▶ **Task to carry out**
Only a slice of the listing below is wanted. Retype the lines from the one containing "using a b d" through the one containing "dens_nonneg[OF x] by simp", exactly, both ends included.

▶ **Records shown**
lemma A_le_sieve:
  assumes "prime r" "odd r" "finite Q" "\<And>q. q \<in> Q \<Longrightarrow> prime q \<and> odd q \<and> q < r" "0 \<le> x"
  shows "real (A r x) \<le> x / (2 * r) * (\<Prod>q\<in>Q. 1 - 1 / real q) + real (\<Prod>Q)"
proof -
  define M where "M = \<Prod>Q"
  have M: "0 < M"
    using assms by (auto simp: M_def prime_gt_0_nat intro!: prod_pos)
  have "real (A r x) \<le> real (card {b. real b \<le> x / (2 * r) \<and> coprime b M})"
    using A_le_card_coprime[OF assms(1-4)] by (simp add: M_def)
  also have "\<dots> \<le> (x / (2 * r) / M + 1) * totient M"
    using M assms by (intro card_coprime_le) auto
  also have "\<dots> = x / (2 * r) * (totient M / M) + totient M"
    using M by (simp add: field_simps)
  also have "totient M / M = (\<Prod>q\<in>Q. 1 - 1 / real q)"
    using M totient_prod_primes[OF assms(3)] assms(4) by (simp add: M_def del: of_nat_prod)
  also have "real (totient M) \<le> M"
    by (simp add: totient_le)
  finally show ?thesis
    by (simp add: M_def)
qed
lemma poisson_bound_nonneg: "0 \<le> poisson_bound"
  unfolding poisson_bound_def using rho_max_pos eps_pos by simp

definition poisson_solution :: "real^'d \<Rightarrow> 'a \<Rightarrow> real^'d" where
  "poisson_solution \<theta> = (SOME h. bounded_by h poisson_bound
     \<and> (\<forall>x\<in>space lam. h x - mh (\<pi> \<theta>) h x = poisson_rhs \<theta> x) \<and> expect (\<pi> \<theta>) h = 0)"

lemma poisson_solution:
  assumes \<theta>: "\<theta> \<in> Theta"
  shows "bounded_by (poisson_solution \<theta>) poisson_bound"
    and "\<And>x. x \<in> space lam \<Longrightarrow> poisson_solution \<theta> x - mh (\<pi> \<theta>) (poisson_solution \<theta>) x = poisson_rhs \<theta> x"
    and "expect (\<pi> \<theta>) (poisson_solution \<theta>) = 0"
proof -
  have "\<exists>h. bounded_by h poisson_bound
     \<and> (\<forall>x\<in>space lam. h x - mh (\<pi> \<theta>) h x = poisson_rhs \<theta> x) \<and> expect (\<pi> \<theta>) h = 0"
    unfolding poisson_bound_def
    by (rule poisson_exists[OF target_density_pi_rho[OF \<theta>] bounded_by_poisson_rhs[OF \<theta>]
        expect_poisson_rhs[OF \<theta>]])
  from someI_ex[OF this] show "bounded_by (poisson_solution \<theta>) poisson_bound"
    and "\<And>x. x \<in> space lam \<Longrightarrow> poisson_solution \<theta> x - mh (\<pi> \<theta>) (poisson_solution \<theta>) x = poisson_rhs \<theta> x"
    and "expect (\<pi> \<theta>) (poisson_solution \<theta>) = 0"
    unfolding poisson_solution_def[symmetric] by auto
qed

lemma solves_poisson_poisson_solution: "\<theta> \<in> Theta \<Longrightarrow> solves_poisson lam q dens I rho \<theta> (poisson_solution \<theta>)"
  unfolding solves_poisson_def using poisson_solution(2,3) by blast

lemma poisson_solution_unique:
  assumes \<theta>: "\<theta> \<in> Theta" and g: "g \<in> borel_measurable lam" "bounded (g ` space lam)"
    and solves: "solves_poisson lam q dens I rho \<theta> g"
  shows "\<forall>x\<in>space lam. g x = poisson_solution \<theta> x"
proof -
  obtain S where "\<forall>x\<in>space lam. norm (g x) \<le> S" using g(2) unfolding bounded_iff by auto
  with g(1) have "bounded_by g S" unfolding bounded_by_def by auto
  then show ?thesis
  proof (rule poisson_unique[OF target_density_pi_rho[OF \<theta>] _ poisson_solution(1)[OF \<theta>]])
    show "\<forall>x\<in>space lam. g x - mh (\<pi> \<theta>) g x = poisson_rhs \<theta> x" and "expect (\<pi> \<theta>) g = 0"
      using solves unfolding solves_poisson_def by auto
    show "\<forall>x\<in>space lam. poisson_solution \<theta> x - mh (\<pi> \<theta>) (poisson_solution \<theta>) x = poisson_rhs \<theta> x"
      using poisson_solution(2)[OF \<theta>] by blast
  qed (rule poisson_solution(3)[OF \<theta>])
qed

lemma rho_mult_Zrho_eq: "rho (\<theta>$j) * Z \<theta> = (\<Sum>i\<in>UNIV. tstar$i * (rho (\<theta>$j) / rho (\<theta>$i)))"
  unfolding Zrho_def by (simp add: sum_distrib_left mult_ac)

lemma abs_rho_mult_Zrho_diff_le:
  assumes \<theta>: "\<theta> \<in> Theta" and \<theta>': "\<theta>' \<in> Theta" and s: "rho_ratio_dev rho \<theta> \<theta>' \<le> 1/4"
  shows "\<bar>rho (\<theta>'$j) * Z \<theta>' - rho (\<theta>$j) * Z \<theta>\<bar> \<le> 3 * rho_ratio_dev rho \<theta> \<theta>' * (rho (\<theta>$j) * Z \<theta>)"
proof -
  let ?s = "rho_ratio_dev rho \<theta> \<theta>'" and ?r = "\<lambda>k. rho (\<theta>'$k) / rho (\<theta>$k)"
  have summand: "\<bar>tstar$i * (rho (\<theta>'$j) / rho (\<theta>'$i)) - tstar$i * (rho (\<theta>$j) / rho (\<theta>$i))\<bar>
      \<le> 3 * ?s * (tstar$i * (rho (\<theta>$j) / rho (\<theta>$i)))" for i
  proof -
    have pos: "0 < rho (\<theta>$i)" "0 < rho (\<theta>$j)" "0 < rho (\<theta>'$i)" "0 < rho (\<theta>'$j)" "0 < tstar$i"
      using rho_Theta[OF \<theta>] rho_Theta[OF \<theta>'] theta_star_pos by auto
    have "tstar$i * (rho (\<theta>'$j) / rho (\<theta>'$i)) - tstar$i * (rho (\<theta>$j) / rho (\<theta>$i))
        = (tstar$i * (rho (\<theta>$j) / rho (\<theta>$i))) * (?r j / ?r i - 1)"
      using pos by (simp add: field_simps)
    then have "\<bar>tstar$i * (rho (\<theta>'$j) / rho (\<theta>'$i)) - tstar$i * (rho (\<theta>$j) / rho (\<theta>$i))\<bar>
        = (tstar$i * (rho (\<theta>$j) / rho (\<theta>$i))) * \<bar>1 - ?r j / ?r i\<bar>"
      using pos by (simp add: abs_mult abs_minus_commute)
    also have "\<dots> \<le> (tstar$i * (rho (\<theta>$j) / rho (\<theta>$i))) * (3 * ?s)"
      using abs_one_minus_divide_le[OF abs_one_minus_rho_ratio_le abs_one_minus_rho_ratio_le s] pos
      by (intro mult_left_mono) auto
    finally show ?thesis by (simp add: mult_ac)
  qed
  have "\<bar>rho (\<theta>'$j) * Z \<theta>' - rho (\<theta>$j) * Z \<theta>\<bar>
      = \<bar>\<Sum>i\<in>UNIV. tstar$i * (rho (\<theta>'$j) / rho (\<theta>'$i)) - tstar$i * (rho (\<theta>$j) / rho (\<theta>$i))\<bar>"
    unfolding rho_mult_Zrho_eq by (simp add: sum_subtractf)
  also have "\<dots> \<le> (\<Sum>i\<in>UNIV. 3 * ?s * (tstar$i * (rho (\<theta>$j) / rho (\<theta>$i))))"
    by (rule order_trans[OF sum_abs sum_mono[OF summand]])
  also have "\<dots> = 3 * ?s * (rho (\<theta>$j) * Z \<theta>)" unfolding rho_mult_Zrho_eq by (simp add: sum_distrib_left)
  finally show ?thesis .
qed

lemma abs_pi_rho_diff_le:
  assumes \<theta>: "\<theta> \<in> Theta" and \<theta>': "\<theta>' \<in> Theta" and s: "rho_ratio_dev rho \<theta> \<theta>' \<le> 1/4"
    and x: "x \<in> space lam"
  shows "\<bar>\<pi> \<theta> x - \<pi> \<theta>' x\<bar> \<le> 12 * K * rho_ratio_dev rho \<theta> \<theta>'"
proof -
  let ?s = "rho_ratio_dev rho \<theta> \<theta>'"
  define a where "a = rho (\<theta>$I x) * Z \<theta>"
  define b where "b = rho (\<theta>'$I x) * Z \<theta>'"
  have a: "0 < a" unfolding a_def using rho_Theta[OF \<theta>] Zrho_pos[OF \<theta>] by auto
  have b: "0 < b" unfolding b_def using rho_Theta[OF \<theta>'] Zrho_pos[OF \<theta>'] by auto
  have s0: "0 \<le> ?s" by (rule rho_ratio_dev_nonneg)
  have ab: "\<bar>b - a\<bar> \<le> 3 * ?s * a"
    unfolding a_def b_def by (rule abs_rho_mult_Zrho_diff_le[OF \<theta> \<theta>' s])
  moreover have "?s * a \<le> 1/4 * a" using s a by (intro mult_right_mono) auto
  ultimately have "a / 4 \<le> b" by (auto simp: abs_le_iff)
  have d: "0 \<le> dens x" by (rule dens_nonneg[OF x])
  have "\<pi> \<theta> x - \<pi> \<theta>' x = dens x * (b - a) / (a * b)"
    unfolding pi_rho_eq a_def[symmetric] b_def[symmetric] using a b by (simp add: field_simps)
  then have "\<bar>\<pi> \<theta> x - \<pi> \<theta>' x\<bar> = dens x * \<bar>b - a\<bar> / (a * b)"
    using a b d by (simp add: abs_mult abs_div_pos)
  also have "\<dots> \<le> dens x * (3 * ?s * a) / (a * (a / 4))"
    using ab a b d s0 \<open>a / 4 \<le> b\<close> by (intro frac_le mult_left_mono mult_mono) auto
  also have "\<dots> = 12 * ?s * \<pi> \<theta> x" unfolding pi_rho_eq a_def[symmetric] using a by (simp add: field_simps)
  also have "\<dots> \<le> 12 * ?s * K" using pi_rho_le_K[OF \<theta> x] s0 by (intro mult_left_mono) auto
  finally show ?thesis by (simp add: mult_ac)
qed

lemma abs_mh_accept_pi_rho_diff_le:
  assumes \<theta>: "\<theta> \<in> Theta" and \<theta>': "\<theta>' \<in> Theta" and s: "rho_ratio_dev rho \<theta> \<theta>' \<le> 1/4"
    and x: "x \<in> space lam" and y: "y \<in> space lam"
  shows "\<bar>mh_accept (\<pi> \<theta>) x y - mh_accept (\<pi> \<theta>') x y\<bar> \<le> 3 * rho_ratio_dev rho \<theta> \<theta>'"
proof (cases "0 < dens x")
  case False
  then have "dens x = 0" using dens_nonneg[OF x] by simp
  then have "\<not> 0 < \<pi> \<theta> x" "\<not> 0 < \<pi> \<theta>' x" unfolding pi_rho_eq by auto
  then show ?thesis unfolding mh_accept_def using rho_ratio_dev_nonneg by simp
next
  case True
  let ?r = "\<lambda>k. rho (\<theta>'$k) / rho (\<theta>$k)"
  have pos: "0 < rho (\<theta>$I x)" "0 < rho (\<theta>$I y)" "0 < rho (\<theta>'$I x)" "0 < rho (\<theta>'$I y)"
    "0 < Z \<theta>" "0 < Z \<theta>'"
    using rho_Theta[OF \<theta>] rho_Theta[OF \<theta>'] Zrho_pos[OF \<theta>] Zrho_pos[OF \<theta>'] by auto
  have px: "0 < \<pi> \<theta> x" "0 < \<pi> \<theta>' x" unfolding pi_rho_eq using True pos by auto
  define u where "u = \<pi> \<theta> y / \<pi> \<theta> x"
  have u: "0 \<le> u" unfolding u_def pi_rho_eq using dens_nonneg[OF y] True pos by auto
  have "\<pi> \<theta>' y / \<pi> \<theta>' x = u * (?r (I x) / ?r (I y))"
    unfolding u_def pi_rho_eq using pos True by (simp add: field_simps)
  then have "\<bar>mh_accept (\<pi> \<theta>) x y - mh_accept (\<pi> \<theta>') x y\<bar> = \<bar>min 1 u - min 1 (u * (?r (I x) / ?r (I y)))\<bar>"
    unfolding mh_accept_def using px u_def by simp
  also have "\<dots> \<le> \<bar>1 - ?r (I x) / ?r (I y)\<bar>" using pos by (intro abs_min_one_diff_le[OF u]) auto
  also have "\<dots> \<le> 3 * rho_ratio_dev rho \<theta> \<theta>'"
    by (rule abs_one_minus_divide_le[OF abs_one_minus_rho_ratio_le abs_one_minus_rho_ratio_le s])
  finally show ?thesis .
qed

▶ **The completed task**
    using a b d by (simp add: abs_mult abs_div_pos)
  also have "\<dots> \<le> dens x * (3 * ?s * a) / (a * (a / 4))"
    using ab a b d s0 \<open>a / 4 \<le> b\<close> by (intro frac_le mult_left_mono mult_mono) auto
  also have "\<dots> = 12 * ?s * \<pi> \<theta> x" unfolding pi_rho_eq a_def[symmetric] using a by (simp add: field_simps)
  also have "\<dots> \<le> 12 * ?s * K" using pi_rho_le_K[OF \<theta> x] s0 by (intro mult_left_mono) auto
  finally show ?thesis by (simp add: mult_ac)
qed

lemma abs_mh_accept_pi_rho_diff_le:
  assumes \<theta>: "\<theta> \<in> Theta" and \<theta>': "\<theta>' \<in> Theta" and s: "rho_ratio_dev rho \<theta> \<theta>' \<le> 1/4"
    and x: "x \<in> space lam" and y: "y \<in> space lam"
  shows "\<bar>mh_accept (\<pi> \<theta>) x y - mh_accept (\<pi> \<theta>') x y\<bar> \<le> 3 * rho_ratio_dev rho \<theta> \<theta>'"
proof (cases "0 < dens x")
  case False
  then have "dens x = 0" using dens_nonneg[OF x] by simp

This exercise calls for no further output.